For the listing below, show each line that includes the string "alphabets".

Start of Block

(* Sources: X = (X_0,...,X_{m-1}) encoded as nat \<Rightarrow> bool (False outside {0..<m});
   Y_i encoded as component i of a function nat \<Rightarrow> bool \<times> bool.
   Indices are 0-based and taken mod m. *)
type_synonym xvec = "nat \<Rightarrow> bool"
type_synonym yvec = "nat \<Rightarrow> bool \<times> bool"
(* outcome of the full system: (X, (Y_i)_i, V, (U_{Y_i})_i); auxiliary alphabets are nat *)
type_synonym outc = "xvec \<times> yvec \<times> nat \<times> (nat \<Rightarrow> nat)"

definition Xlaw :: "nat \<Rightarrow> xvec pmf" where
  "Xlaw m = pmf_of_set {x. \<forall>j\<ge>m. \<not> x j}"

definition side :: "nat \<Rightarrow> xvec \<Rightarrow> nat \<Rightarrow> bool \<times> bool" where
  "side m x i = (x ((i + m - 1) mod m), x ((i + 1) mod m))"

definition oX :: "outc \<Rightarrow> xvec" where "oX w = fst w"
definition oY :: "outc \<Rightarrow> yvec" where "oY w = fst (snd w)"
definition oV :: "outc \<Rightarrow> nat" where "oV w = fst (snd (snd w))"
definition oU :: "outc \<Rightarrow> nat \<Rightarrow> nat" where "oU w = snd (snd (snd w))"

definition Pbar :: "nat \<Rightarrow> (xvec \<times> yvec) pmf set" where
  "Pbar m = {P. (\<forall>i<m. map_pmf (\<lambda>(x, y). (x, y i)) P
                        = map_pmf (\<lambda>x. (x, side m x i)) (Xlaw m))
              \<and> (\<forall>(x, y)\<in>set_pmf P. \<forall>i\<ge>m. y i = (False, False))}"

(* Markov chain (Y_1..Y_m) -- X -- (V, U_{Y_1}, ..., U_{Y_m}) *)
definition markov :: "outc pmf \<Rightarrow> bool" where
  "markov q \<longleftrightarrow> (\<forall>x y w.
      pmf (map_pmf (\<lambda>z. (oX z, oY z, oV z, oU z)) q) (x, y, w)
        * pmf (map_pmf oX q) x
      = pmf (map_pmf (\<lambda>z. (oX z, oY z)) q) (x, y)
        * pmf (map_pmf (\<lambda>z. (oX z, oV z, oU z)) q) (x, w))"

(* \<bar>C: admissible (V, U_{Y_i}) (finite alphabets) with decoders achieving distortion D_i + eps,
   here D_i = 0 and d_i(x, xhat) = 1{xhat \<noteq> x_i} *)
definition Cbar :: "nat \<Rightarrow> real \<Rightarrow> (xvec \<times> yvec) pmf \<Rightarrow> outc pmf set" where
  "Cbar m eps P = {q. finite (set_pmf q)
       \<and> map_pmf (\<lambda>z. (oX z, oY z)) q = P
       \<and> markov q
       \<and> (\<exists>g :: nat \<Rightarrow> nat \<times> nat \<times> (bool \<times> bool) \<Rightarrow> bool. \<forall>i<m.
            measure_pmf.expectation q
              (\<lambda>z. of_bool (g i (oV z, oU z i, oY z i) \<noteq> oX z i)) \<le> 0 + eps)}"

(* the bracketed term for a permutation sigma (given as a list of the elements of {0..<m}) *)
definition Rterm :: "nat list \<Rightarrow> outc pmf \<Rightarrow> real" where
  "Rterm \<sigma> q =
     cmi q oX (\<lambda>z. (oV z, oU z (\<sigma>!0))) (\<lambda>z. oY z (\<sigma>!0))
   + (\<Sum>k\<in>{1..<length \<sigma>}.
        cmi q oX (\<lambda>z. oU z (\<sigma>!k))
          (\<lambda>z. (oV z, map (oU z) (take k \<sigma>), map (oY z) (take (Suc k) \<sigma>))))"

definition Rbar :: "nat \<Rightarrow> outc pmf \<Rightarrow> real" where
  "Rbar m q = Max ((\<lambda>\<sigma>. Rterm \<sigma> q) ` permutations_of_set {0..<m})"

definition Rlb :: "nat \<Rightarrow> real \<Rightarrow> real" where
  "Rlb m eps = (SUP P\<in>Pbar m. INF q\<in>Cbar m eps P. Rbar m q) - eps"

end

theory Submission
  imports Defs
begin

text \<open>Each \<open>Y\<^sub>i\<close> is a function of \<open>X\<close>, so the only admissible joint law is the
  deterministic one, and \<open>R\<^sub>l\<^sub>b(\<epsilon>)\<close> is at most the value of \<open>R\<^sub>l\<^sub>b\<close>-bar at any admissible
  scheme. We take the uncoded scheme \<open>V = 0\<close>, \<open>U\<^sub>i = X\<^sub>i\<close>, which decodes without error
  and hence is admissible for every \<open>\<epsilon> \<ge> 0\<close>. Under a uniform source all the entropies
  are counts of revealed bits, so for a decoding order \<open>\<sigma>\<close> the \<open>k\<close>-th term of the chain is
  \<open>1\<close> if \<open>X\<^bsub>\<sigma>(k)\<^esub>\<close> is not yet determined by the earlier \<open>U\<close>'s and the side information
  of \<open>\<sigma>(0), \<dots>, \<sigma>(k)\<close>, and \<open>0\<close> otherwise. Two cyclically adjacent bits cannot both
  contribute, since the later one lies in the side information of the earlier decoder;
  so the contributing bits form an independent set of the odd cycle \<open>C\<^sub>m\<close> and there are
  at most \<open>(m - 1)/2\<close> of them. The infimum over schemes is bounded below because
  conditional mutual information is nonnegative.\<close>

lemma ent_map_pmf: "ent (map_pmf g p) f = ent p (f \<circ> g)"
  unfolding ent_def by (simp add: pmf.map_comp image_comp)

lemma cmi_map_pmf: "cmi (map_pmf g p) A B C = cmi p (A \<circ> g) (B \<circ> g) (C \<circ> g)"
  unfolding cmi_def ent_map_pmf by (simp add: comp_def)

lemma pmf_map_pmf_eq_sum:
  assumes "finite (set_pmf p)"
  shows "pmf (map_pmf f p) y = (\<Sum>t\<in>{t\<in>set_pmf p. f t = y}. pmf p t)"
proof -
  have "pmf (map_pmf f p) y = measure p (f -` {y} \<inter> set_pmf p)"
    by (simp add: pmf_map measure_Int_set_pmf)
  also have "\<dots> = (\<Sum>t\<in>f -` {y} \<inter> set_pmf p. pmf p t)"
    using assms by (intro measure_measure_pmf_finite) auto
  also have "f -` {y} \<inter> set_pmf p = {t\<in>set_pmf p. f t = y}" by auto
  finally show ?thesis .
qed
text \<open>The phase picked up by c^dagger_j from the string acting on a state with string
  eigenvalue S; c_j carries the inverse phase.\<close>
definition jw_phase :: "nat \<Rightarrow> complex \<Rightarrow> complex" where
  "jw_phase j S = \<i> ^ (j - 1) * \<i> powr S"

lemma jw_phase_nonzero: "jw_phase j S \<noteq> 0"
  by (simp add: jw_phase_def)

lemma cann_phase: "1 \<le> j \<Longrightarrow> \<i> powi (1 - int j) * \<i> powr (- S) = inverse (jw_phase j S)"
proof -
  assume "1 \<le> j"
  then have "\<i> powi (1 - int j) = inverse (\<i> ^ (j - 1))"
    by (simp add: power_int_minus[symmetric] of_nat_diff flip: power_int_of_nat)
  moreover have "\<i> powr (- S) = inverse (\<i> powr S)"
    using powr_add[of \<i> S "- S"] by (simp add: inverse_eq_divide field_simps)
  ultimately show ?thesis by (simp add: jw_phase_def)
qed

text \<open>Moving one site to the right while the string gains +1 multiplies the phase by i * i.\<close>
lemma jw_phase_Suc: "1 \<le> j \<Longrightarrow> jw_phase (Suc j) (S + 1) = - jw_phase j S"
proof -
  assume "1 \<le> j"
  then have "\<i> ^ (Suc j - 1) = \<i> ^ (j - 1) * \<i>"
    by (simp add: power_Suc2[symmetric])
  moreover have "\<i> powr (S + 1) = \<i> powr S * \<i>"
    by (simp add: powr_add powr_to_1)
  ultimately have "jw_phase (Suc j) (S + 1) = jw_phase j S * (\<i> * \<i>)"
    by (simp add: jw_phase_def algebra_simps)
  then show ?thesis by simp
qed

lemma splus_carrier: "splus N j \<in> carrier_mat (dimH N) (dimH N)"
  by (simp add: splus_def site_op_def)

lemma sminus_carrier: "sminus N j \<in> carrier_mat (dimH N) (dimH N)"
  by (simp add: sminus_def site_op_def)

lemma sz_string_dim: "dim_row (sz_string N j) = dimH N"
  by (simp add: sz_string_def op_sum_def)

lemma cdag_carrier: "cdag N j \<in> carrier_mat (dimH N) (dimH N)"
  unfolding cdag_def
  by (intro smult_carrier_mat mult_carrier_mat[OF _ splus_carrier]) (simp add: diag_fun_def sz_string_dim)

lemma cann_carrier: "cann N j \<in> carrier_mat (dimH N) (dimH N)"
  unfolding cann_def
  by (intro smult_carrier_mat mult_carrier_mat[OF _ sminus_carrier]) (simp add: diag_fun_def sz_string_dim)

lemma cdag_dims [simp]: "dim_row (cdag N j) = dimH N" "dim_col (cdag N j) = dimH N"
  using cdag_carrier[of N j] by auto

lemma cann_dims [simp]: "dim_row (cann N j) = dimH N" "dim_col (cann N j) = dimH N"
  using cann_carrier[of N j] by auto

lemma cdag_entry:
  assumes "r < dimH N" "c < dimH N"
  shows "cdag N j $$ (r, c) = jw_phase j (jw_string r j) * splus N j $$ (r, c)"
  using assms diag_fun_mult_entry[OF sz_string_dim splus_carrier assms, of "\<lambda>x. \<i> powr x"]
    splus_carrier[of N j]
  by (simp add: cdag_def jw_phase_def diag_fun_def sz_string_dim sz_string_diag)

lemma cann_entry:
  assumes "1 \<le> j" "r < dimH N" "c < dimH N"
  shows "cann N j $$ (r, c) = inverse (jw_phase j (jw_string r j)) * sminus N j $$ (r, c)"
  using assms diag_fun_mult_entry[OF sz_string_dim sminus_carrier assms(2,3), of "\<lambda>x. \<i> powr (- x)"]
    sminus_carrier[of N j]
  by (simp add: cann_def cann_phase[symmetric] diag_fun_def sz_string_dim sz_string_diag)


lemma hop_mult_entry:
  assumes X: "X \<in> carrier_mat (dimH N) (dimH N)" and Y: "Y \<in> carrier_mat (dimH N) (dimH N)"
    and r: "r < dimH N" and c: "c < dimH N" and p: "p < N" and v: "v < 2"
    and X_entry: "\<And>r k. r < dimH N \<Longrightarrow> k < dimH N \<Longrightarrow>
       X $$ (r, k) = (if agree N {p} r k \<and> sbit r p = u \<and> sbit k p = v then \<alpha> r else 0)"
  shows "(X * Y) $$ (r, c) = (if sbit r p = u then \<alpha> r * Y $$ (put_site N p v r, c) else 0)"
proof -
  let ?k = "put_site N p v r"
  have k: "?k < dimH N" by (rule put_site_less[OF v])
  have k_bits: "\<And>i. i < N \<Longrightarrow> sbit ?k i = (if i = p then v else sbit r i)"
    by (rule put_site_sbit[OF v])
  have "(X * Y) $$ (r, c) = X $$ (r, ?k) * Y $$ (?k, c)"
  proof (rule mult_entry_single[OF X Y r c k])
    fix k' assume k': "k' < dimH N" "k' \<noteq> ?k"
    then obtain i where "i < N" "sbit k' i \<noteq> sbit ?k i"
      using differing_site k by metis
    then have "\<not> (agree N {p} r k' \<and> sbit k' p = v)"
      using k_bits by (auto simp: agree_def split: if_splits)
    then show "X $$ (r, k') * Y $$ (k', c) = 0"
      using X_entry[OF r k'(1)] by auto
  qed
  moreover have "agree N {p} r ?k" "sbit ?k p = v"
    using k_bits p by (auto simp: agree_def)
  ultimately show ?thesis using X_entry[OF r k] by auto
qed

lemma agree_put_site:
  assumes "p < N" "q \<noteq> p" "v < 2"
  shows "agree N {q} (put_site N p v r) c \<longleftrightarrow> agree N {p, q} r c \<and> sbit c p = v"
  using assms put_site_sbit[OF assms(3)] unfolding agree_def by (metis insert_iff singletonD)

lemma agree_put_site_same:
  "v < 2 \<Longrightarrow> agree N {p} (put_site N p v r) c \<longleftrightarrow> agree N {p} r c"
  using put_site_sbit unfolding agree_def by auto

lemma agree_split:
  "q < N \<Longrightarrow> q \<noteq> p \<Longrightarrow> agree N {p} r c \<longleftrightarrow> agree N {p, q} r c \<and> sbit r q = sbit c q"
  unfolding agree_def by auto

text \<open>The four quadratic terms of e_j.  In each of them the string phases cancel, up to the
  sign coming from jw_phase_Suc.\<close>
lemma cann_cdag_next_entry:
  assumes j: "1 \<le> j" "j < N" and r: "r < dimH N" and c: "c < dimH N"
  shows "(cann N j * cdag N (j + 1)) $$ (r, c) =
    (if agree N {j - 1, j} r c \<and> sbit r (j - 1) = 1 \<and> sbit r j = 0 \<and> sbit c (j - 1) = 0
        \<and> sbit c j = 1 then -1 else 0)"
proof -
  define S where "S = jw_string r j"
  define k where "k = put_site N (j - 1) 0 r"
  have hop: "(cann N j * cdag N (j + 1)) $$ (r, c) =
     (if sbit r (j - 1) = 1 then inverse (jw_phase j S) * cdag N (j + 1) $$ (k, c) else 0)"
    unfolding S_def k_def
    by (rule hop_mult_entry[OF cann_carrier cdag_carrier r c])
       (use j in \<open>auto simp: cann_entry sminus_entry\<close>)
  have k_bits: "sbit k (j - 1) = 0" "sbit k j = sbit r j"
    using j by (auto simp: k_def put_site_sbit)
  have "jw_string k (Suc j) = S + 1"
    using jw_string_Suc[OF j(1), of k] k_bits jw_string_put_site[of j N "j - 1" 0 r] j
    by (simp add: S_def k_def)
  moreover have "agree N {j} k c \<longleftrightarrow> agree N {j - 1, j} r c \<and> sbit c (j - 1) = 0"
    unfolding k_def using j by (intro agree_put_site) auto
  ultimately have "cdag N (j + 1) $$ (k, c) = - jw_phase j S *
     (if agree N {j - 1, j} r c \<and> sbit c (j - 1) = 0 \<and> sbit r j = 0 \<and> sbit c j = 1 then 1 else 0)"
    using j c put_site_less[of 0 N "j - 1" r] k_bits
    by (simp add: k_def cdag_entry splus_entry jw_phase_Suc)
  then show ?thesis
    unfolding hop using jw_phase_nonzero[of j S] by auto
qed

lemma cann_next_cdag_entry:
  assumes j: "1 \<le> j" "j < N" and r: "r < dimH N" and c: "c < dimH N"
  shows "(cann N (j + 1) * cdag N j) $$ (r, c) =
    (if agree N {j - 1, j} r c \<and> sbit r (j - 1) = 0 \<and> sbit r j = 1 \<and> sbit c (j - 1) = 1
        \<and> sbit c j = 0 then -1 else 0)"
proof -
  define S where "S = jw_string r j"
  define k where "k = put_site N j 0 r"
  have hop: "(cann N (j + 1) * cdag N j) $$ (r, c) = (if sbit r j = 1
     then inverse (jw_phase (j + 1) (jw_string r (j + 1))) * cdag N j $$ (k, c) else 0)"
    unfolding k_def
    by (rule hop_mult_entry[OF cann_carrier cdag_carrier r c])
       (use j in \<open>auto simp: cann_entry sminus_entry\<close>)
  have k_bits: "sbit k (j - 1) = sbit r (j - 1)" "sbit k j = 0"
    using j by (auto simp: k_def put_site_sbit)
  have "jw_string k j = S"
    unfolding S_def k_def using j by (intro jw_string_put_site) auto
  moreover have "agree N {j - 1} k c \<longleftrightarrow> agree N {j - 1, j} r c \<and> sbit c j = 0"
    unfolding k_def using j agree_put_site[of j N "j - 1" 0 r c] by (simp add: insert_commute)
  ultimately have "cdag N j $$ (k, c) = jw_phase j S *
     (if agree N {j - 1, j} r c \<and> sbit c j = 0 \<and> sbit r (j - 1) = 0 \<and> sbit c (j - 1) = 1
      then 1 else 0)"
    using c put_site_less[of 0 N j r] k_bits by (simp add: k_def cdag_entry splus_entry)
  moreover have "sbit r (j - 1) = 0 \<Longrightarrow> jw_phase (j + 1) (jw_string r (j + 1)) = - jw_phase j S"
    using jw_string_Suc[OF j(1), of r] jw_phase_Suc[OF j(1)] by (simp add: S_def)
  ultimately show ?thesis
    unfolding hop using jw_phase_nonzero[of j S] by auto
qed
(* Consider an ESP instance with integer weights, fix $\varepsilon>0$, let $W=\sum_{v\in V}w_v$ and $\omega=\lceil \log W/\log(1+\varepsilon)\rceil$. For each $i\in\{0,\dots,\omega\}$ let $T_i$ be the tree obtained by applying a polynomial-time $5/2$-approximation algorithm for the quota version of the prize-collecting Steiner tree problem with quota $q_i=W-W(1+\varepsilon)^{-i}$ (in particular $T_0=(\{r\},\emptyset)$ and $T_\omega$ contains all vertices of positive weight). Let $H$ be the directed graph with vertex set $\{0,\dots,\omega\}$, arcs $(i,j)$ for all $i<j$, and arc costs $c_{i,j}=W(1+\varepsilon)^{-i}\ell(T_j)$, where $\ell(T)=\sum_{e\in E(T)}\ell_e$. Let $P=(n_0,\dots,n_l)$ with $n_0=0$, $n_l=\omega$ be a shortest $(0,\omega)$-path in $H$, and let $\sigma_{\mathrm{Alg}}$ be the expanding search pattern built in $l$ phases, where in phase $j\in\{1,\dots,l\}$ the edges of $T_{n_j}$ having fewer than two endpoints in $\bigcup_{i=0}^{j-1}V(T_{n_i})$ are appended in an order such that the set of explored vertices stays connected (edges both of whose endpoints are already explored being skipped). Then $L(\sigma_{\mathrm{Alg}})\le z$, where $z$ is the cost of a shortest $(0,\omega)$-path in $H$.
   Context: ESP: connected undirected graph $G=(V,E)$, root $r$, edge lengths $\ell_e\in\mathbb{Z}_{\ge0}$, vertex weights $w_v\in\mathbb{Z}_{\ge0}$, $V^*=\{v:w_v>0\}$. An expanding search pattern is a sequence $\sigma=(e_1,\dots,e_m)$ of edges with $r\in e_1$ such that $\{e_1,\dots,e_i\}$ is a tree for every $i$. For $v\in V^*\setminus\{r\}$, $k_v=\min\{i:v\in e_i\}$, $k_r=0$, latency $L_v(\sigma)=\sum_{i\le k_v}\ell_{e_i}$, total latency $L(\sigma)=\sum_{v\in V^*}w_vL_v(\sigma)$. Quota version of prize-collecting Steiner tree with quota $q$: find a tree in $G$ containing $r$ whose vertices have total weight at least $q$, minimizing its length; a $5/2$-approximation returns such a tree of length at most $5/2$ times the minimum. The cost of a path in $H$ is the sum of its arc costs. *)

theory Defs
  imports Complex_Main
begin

End of Block

RESPONSE BELOW:
(* outcome of the full system: (X, (Y_i)_i, V, (U_{Y_i})_i); auxiliary alphabets are nat *)
(* \<bar>C: admissible (V, U_{Y_i}) (finite alphabets) with decoders achieving distortion D_i + eps,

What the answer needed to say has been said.